• Activity
Starting at the first line of the data below, repeat each line word for word up to and including the line with "powi (b - a)".

• Records supplied
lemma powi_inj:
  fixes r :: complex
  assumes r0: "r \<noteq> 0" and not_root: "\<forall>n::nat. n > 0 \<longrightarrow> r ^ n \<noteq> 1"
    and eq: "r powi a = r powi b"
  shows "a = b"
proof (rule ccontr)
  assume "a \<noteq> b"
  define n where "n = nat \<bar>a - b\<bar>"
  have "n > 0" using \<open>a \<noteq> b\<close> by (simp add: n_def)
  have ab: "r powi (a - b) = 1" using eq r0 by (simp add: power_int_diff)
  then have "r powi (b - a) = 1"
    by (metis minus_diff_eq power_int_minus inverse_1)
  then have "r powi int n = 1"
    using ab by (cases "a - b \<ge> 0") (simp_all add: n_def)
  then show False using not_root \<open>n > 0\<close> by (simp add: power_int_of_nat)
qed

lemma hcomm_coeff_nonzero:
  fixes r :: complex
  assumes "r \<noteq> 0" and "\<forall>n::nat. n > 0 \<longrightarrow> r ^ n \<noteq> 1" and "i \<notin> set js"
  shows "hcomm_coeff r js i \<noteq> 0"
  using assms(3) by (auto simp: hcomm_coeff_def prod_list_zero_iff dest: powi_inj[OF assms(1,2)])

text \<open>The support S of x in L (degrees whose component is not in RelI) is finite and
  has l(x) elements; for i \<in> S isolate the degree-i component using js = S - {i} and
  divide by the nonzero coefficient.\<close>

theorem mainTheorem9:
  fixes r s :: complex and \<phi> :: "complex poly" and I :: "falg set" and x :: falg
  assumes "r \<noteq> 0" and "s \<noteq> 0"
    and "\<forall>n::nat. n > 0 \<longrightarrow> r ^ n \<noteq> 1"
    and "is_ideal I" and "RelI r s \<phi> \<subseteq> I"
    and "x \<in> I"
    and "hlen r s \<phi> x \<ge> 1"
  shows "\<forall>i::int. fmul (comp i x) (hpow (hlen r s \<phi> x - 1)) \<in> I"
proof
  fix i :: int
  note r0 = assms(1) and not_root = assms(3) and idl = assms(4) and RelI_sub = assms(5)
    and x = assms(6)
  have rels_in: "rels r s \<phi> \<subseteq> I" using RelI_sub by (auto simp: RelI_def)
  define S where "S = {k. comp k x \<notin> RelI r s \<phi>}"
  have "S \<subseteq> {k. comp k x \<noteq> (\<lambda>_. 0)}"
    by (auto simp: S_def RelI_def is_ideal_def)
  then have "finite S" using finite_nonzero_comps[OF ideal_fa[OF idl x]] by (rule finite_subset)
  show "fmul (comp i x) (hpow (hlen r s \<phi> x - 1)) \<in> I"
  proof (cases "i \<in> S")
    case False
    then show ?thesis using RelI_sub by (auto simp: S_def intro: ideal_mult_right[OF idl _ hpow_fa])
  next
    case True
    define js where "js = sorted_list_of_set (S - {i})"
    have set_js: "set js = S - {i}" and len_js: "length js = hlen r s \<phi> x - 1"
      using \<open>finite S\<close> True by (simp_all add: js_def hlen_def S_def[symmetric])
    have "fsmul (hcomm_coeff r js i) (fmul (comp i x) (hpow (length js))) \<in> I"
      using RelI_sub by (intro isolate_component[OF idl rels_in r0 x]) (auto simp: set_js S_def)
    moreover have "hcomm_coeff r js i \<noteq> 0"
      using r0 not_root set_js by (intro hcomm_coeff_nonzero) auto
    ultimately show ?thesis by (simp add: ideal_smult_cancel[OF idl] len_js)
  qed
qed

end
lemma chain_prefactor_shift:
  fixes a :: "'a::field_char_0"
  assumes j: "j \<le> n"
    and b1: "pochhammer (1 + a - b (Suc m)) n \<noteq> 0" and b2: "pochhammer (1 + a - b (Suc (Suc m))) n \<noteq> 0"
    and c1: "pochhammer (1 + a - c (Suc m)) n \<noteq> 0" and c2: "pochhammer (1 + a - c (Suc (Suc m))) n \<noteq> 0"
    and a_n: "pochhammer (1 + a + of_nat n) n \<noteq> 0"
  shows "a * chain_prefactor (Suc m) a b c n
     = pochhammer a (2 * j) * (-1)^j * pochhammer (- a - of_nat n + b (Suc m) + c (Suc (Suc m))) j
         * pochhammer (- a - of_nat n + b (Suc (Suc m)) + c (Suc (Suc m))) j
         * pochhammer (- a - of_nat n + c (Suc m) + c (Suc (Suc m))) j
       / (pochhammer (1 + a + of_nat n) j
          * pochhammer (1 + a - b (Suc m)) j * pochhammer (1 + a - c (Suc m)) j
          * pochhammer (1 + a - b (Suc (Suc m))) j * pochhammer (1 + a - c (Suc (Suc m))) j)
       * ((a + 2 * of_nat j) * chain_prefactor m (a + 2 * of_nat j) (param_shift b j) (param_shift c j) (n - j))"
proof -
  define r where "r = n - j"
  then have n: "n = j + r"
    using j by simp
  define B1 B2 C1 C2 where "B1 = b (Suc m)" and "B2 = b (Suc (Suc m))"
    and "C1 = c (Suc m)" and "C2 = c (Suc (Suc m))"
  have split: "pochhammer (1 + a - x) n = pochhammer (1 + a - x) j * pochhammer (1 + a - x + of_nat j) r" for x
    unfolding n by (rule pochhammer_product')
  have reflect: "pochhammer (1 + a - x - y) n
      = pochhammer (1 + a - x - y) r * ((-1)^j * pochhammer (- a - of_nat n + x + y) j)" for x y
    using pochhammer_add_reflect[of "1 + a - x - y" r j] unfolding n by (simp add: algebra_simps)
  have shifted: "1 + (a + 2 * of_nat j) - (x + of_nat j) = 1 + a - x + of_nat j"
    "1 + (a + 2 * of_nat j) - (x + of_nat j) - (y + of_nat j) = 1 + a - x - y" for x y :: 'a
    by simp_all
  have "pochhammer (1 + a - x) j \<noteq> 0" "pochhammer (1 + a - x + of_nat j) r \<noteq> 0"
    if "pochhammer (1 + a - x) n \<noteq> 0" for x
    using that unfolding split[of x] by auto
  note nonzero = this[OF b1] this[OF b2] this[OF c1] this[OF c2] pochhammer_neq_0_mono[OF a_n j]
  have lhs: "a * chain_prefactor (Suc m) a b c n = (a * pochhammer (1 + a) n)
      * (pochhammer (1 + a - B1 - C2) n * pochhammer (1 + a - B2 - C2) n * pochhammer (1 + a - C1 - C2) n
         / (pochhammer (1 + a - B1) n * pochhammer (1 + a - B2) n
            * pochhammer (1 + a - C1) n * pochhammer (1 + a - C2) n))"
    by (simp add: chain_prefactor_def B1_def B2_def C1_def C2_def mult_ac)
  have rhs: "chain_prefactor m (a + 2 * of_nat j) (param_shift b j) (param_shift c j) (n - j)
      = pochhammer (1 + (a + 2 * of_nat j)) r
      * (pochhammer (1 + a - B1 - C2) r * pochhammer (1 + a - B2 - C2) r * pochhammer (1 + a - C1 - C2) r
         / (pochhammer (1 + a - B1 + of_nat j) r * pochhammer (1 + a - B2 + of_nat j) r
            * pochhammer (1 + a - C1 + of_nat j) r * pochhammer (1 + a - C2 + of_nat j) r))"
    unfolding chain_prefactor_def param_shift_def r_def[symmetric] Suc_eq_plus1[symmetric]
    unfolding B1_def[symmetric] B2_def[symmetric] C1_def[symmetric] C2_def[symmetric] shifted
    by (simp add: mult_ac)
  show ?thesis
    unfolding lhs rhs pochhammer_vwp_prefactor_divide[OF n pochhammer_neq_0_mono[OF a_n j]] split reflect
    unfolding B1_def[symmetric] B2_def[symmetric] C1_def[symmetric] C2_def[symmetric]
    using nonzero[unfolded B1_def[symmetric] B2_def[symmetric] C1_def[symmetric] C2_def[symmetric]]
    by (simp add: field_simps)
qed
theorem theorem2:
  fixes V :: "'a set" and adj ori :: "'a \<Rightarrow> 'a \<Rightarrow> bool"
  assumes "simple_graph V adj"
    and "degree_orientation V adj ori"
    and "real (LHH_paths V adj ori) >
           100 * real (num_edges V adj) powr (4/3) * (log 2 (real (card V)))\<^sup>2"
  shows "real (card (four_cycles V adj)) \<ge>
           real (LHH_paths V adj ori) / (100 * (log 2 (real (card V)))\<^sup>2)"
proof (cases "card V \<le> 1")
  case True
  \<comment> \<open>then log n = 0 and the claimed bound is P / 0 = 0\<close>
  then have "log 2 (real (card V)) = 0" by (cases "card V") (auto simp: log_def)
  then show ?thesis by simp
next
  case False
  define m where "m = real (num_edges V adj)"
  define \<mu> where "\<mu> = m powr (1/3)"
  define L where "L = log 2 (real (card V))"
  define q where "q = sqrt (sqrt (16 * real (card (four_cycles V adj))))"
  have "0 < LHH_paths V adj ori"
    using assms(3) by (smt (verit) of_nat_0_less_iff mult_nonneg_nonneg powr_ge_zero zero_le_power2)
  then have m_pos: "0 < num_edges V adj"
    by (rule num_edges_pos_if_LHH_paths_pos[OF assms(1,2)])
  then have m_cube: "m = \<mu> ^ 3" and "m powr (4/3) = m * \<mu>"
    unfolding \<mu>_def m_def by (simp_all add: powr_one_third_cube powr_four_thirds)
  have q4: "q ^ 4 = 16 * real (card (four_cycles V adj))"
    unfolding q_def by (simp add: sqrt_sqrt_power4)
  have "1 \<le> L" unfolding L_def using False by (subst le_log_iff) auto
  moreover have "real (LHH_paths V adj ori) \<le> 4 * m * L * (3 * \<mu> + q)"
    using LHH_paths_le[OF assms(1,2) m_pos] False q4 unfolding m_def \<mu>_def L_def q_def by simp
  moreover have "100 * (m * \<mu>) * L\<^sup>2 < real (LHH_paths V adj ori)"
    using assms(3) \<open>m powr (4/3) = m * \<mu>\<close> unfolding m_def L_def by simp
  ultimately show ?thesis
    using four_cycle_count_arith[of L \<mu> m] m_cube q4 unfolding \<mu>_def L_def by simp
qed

• Written response
lemma powi_inj:
  fixes r :: complex
  assumes r0: "r \<noteq> 0" and not_root: "\<forall>n::nat. n > 0 \<longrightarrow> r ^ n \<noteq> 1"
    and eq: "r powi a = r powi b"
  shows "a = b"
proof (rule ccontr)
  assume "a \<noteq> b"
  define n where "n = nat \<bar>a - b\<bar>"
  have "n > 0" using \<open>a \<noteq> b\<close> by (simp add: n_def)
  have ab: "r powi (a - b) = 1" using eq r0 by (simp add: power_int_diff)
  then have "r powi (b - a) = 1"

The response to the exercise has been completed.